Measuring and assessment of the soil components and properties is generally a time-consuming and costly procedure. The absence of measured data can be reimbursed by results of predictions or modeling (Kovačević et al., 2010). A commonly used approach to the estimation of not-supplied soil parameters is more conducted on their indirect assessment based on measures of the values of some other already available parameters.
The spatial distribution of soil variables is usually realized by predictive soil mapping that presents a numerical or statistical model of the relationship among environmental variables and soil properties, which is then applied to a geographic database to create a predictive map (Scull et al., 2003). Most of those models are based on geostatistical or regression methods (McBratney et al., 2003). The increasing richness and accessibility of different data sources led to attempts to enrich the soil information through the use of ancillary data (McBratney et al., 2000). In the early age of digital soil mapping, the co-kriging geostatistical method was developed for predicting a target soil variable based on subsidiary variables that are cheaper or quicker to measure and well correlated with the target one (McBratney and Webster, 1983).
The other approach to the estimation of soil properties is based on a pedotransfer function (PTF) that presents a mathematical model used to convert direct soil measurements into known and unknown soil properties (Bouma, 1989). Since most soil properties are interdependent, PTF is widely used for modeling relationships in soil research, hydrology, environmental science, etc. Most PTFs are developed to predict soil properties for a geographical area with limited information available (McBratney et al., 2002).
In the last decades, machine learning (ML) techniques have taken a very important role in the Spatio-temporal modeling of geochemical variables, especially in their stock assessment and dynamic changes (Wadoux et al., 2020; Heuvelink et al., 2021). Most of those studies are primarily focused on mapping soil properties or classes from local to regional and even worldwide scales by using different ML algorithms (Taghizadeh-Mehrjardi et al., 2016; Hengl et al., 2017; Estévez et al., 2022). The final outputs are mainly digital soil maps (DSM) produced by different ML algorithms. As a consequence, the main goals of researchers were to model soil properties in space and time by reaching satisfactory prediction accuracy without obtaining new knowledge on the core soil structure and process (Wadoux et al., 2020).

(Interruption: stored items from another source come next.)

(* Let $w\in\Sigma^n$ and, for each letter $q\in\Sigma$, let $i_q$ be the leftmost position of $w$ with $w[i_q]=q$. Then distinct paths $(v_{p_1},\dots,v_{p_j})$ of the same length $j$ in $\mathrm{NEG}(w)$, each starting at some vertex $v_{i_q}$, correspond to distinct subsequences $w[p_1]\cdots w[p_j]$ of $w$; i.e., every such path corresponds to a unique subsequence of $w$.
   Context: Words are finite sequences over $\Sigma=\{1,\dots,\sigma\}$ with the usual order, $\Sigma$ being the set of letters of $w$. $P_w[i,x]$ denotes the largest $i'\le i$ with $w[i']=x$. The next element graph $\mathrm{NEG}(w)$ is the directed, edge-labelled graph with vertices $v_1,\dots,v_n$ whose edges are pairs $(v_i,v_j)$ with $i<j$ carrying a label: $\uparrow$ if $w[i]<w[j]$ and for all $j'\in[i+1,j-1]$, $w[i]>w[j']$ or $w[j']>w[j]$; $\rightarrow$ if $w[i]=w[j]$ and $i=P_w[j-1,w[j]]$; $\downarrow$ if $w[i]>w[j]$ and for all $j'\in[i+1,j-1]$, $w[i]<w[j']$ or $w[j']<w[j]$. A path $(v_{p_1},\dots,v_{p_j})$ corresponds to the subsequence $w[p_1]\cdots w[p_j]$. *)

theory Defs
  imports Main
begin

(* Words are lists of naturals; positions are 0-indexed: vertex v_{i+1} of the
   paper is position i here. *)

datatype neg_label = Up | Right | Down

definition P_w :: "nat list \<Rightarrow> nat \<Rightarrow> nat \<Rightarrow> nat" where
  "P_w w i x = (GREATEST i'. i' \<le> i \<and> w ! i' = x)"

definition neg_edge_lab :: "nat list \<Rightarrow> nat \<Rightarrow> nat \<Rightarrow> neg_label \<Rightarrow> bool" where
  "neg_edge_lab w i j l \<longleftrightarrow> i < j \<and> j < length w \<and>
     (case l of
        Up \<Rightarrow> w ! i < w ! j \<and>
              (\<forall>j'. i < j' \<and> j' < j \<longrightarrow> w ! i > w ! j' \<or> w ! j' > w ! j)
      | Right \<Rightarrow> w ! i = w ! j \<and> i = P_w w (j - 1) (w ! j)
      | Down \<Rightarrow> w ! i > w ! j \<and>
              (\<forall>j'. i < j' \<and> j' < j \<longrightarrow> w ! i < w ! j' \<or> w ! j' < w ! j))"

definition neg_edge :: "nat list \<Rightarrow> nat \<Rightarrow> nat \<Rightarrow> bool" where
  "neg_edge w i j \<longleftrightarrow> (\<exists>l. neg_edge_lab w i j l)"

definition neg_path :: "nat list \<Rightarrow> nat list \<Rightarrow> bool" where
  "neg_path w ps \<longleftrightarrow> ps \<noteq> [] \<and> (\<forall>p\<in>set ps. p < length w) \<and>
     (\<forall>k. Suc k < length ps \<longrightarrow> neg_edge w (ps ! k) (ps ! Suc k))"

definition first_occ :: "nat list \<Rightarrow> nat \<Rightarrow> bool" where
  "first_occ w i \<longleftrightarrow> i < length w \<and> (\<forall>i'<i. w ! i' \<noteq> w ! i)"

definition path_word :: "nat list \<Rightarrow> nat list \<Rightarrow> nat list" where
  "path_word w ps = map (\<lambda>p. w ! p) ps"

end

theory Submission
  imports Defs
begin

text \<open>From a fixed vertex the label of an outgoing edge is forced by comparing the two letters,
  and for a fixed label the side conditions forbid a second target carrying the same letter
  further to the right. So a vertex has at most one out-neighbour per letter, and a path is
  reconstructed from its start and its word; two starts at leftmost occurrences with the same
  letter coincide.\<close>

lemma P_w_ge:
  assumes "j \<le> k" "w ! j = x"
  shows "j \<le> P_w w k x"
  unfolding P_w_def by (rule Greatest_le_nat[where b = k]) (use assms in auto)

lemma neg_edge_lab_label_unique:
  assumes "neg_edge_lab w i j l" "neg_edge_lab w i j' l'" "w ! j = w ! j'"
  shows "l = l'"
  using assms unfolding neg_edge_lab_def by (cases l; cases l') auto

lemma neg_edge_lab_no_later_target:
  assumes edge: "neg_edge_lab w i j l" and edge': "neg_edge_lab w i j' l"
    and same_letter: "w ! j = w ! j'" and "j < j'"
  shows False
proof -
  have "i < j" using edge unfolding neg_edge_lab_def by simp
  show False
  proof (cases l)
    case Up
    then show False using edge edge' same_letter \<open>i < j\<close> \<open>j < j'\<close>
      unfolding neg_edge_lab_def by force
  next
    case Down
    then show False using edge edge' same_letter \<open>i < j\<close> \<open>j < j'\<close>
      unfolding neg_edge_lab_def by force
  next
    case Right
    then have "i = P_w w (j' - 1) (w ! j')" using edge' unfolding neg_edge_lab_def by simp
    moreover have "j \<le> P_w w (j' - 1) (w ! j')"
      using P_w_ge \<open>j < j'\<close> same_letter by simp
    ultimately show False using \<open>i < j\<close> by simp
  qed
qed

lemma neg_edge_target_unique:
  assumes "neg_edge w i j" "neg_edge w i j'" "w ! j = w ! j'"
  shows "j = j'"
proof -
  obtain l l' where edge: "neg_edge_lab w i j l" and edge': "neg_edge_lab w i j' l'"
    using assms(1,2) unfolding neg_edge_def by blast
  from edge edge' assms(3) have "l = l'" by (rule neg_edge_lab_label_unique)
  with edge edge' assms(3) show "j = j'"
    by (metis linorder_neqE_nat neg_edge_lab_no_later_target)
qed

lemma first_occ_unique:
  assumes "first_occ w i" "first_occ w j" "w ! i = w ! j"
  shows "i = j"
  using assms unfolding first_occ_def by (metis linorder_neqE_nat)

lemma neg_path_eq_if_hd_eq_path_word_eq:
  assumes ps: "neg_path w ps" and qs: "neg_path w qs"
    and hd_eq: "hd ps = hd qs" and word_eq: "path_word w ps = path_word w qs"
  shows "ps = qs"
proof -
  have len: "length ps = length qs"
    using word_eq unfolding path_word_def by (metis length_map)
  have letter_eq: "w ! (ps ! k) = w ! (qs ! k)" if "k < length ps" for k
    using word_eq len that unfolding path_word_def by (metis nth_map)
  have "ps ! k = qs ! k" if "k < length ps" for k
    using that
  proof (induction k)
    case 0
    then show ?case using hd_eq ps qs unfolding neg_path_def by (simp add: hd_conv_nth)
  next
    case (Suc k)
    then have "ps ! k = qs ! k" by simp
    then have "neg_edge w (ps ! k) (ps ! Suc k)" "neg_edge w (ps ! k) (qs ! Suc k)"
      using ps qs len Suc.prems unfolding neg_path_def by auto
    then show ?case using neg_edge_target_unique letter_eq[OF Suc.prems] by blast
  qed
  with len show "ps = qs" by (rule nth_equalityI)
qed

theorem lemma18:
  fixes w :: "nat list" and \<sigma> :: nat and ps qs :: "nat list"
  assumes "set w = {1..\<sigma>}"
    and "neg_path w ps" and "neg_path w qs"
    and "length ps = length qs"
    and "first_occ w (hd ps)" and "first_occ w (hd qs)"
    and "ps \<noteq> qs"
  shows "path_word w ps \<noteq> path_word w qs"
proof
  assume word_eq: "path_word w ps = path_word w qs"
  have "ps \<noteq> []" "qs \<noteq> []" using assms(2,3) unfolding neg_path_def by auto
  with word_eq have "w ! hd ps = w ! hd qs"
    unfolding path_word_def by (metis hd_map)
  with assms(5,6) have "hd ps = hd qs" by (rule first_occ_unique)
  from assms(2,3) this word_eq have "ps = qs" by (rule neg_path_eq_if_hd_eq_path_word_eq)
  with assms(7) show False by contradiction
qed

end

In recent years, ML was also applied for developing PTFs in different environmental studies: Benke et al. (2020) developed generalized PTF to predict soil electrical conductivity and SOC content for regional locations in the state of Victoria, Australia; Ramcharan et al. (2017) developed PTF using the Random Forest algorithm to fill in data gaps for SOC stock volumetric assessments across the US; Gunarathna et al. (2019) use different ML algorithms to develop PTF for available water content in tropical regions. All these studies mainly deal with the estimation of soil properties within the same geographical space, which implies similar or the same environmental conditions.
Traditional SOC measurements are time-consuming and laborious. Therefore, using ML to obtain SOC values based on other geochemical parameters could be the direction of future development. SOC concentration depends on various factors such as soil type, climate, topography, and soil management practices. SOC is greatly influenced by vegetation through the organic matter input and consequently, land use change is one of the most important factors which impacts SOC stock increase/decrease. Padarian et al. (2020) found that studies related to SOC cycles and dynamics and the estimation of SOC stocks in different ecosystems, with particular importance on grasslands and topsoil, were one of the main topics that preoccupied researchers who used ML techniques in soil science. Other recent geosciences studies indicate that the application of ML techniques was boosted with the increasing implementation of remote sensing techniques that enabled a significant extension of attribute space in the modeling process (Kovačević et al., 2009; Bouasria et al., 2022). Recently published studies indicate the efficient application of ML in combination with remote sensing and open access data in precision and smart agriculture management (Benos et al., 2021; Mahmood et al., 2022a,b).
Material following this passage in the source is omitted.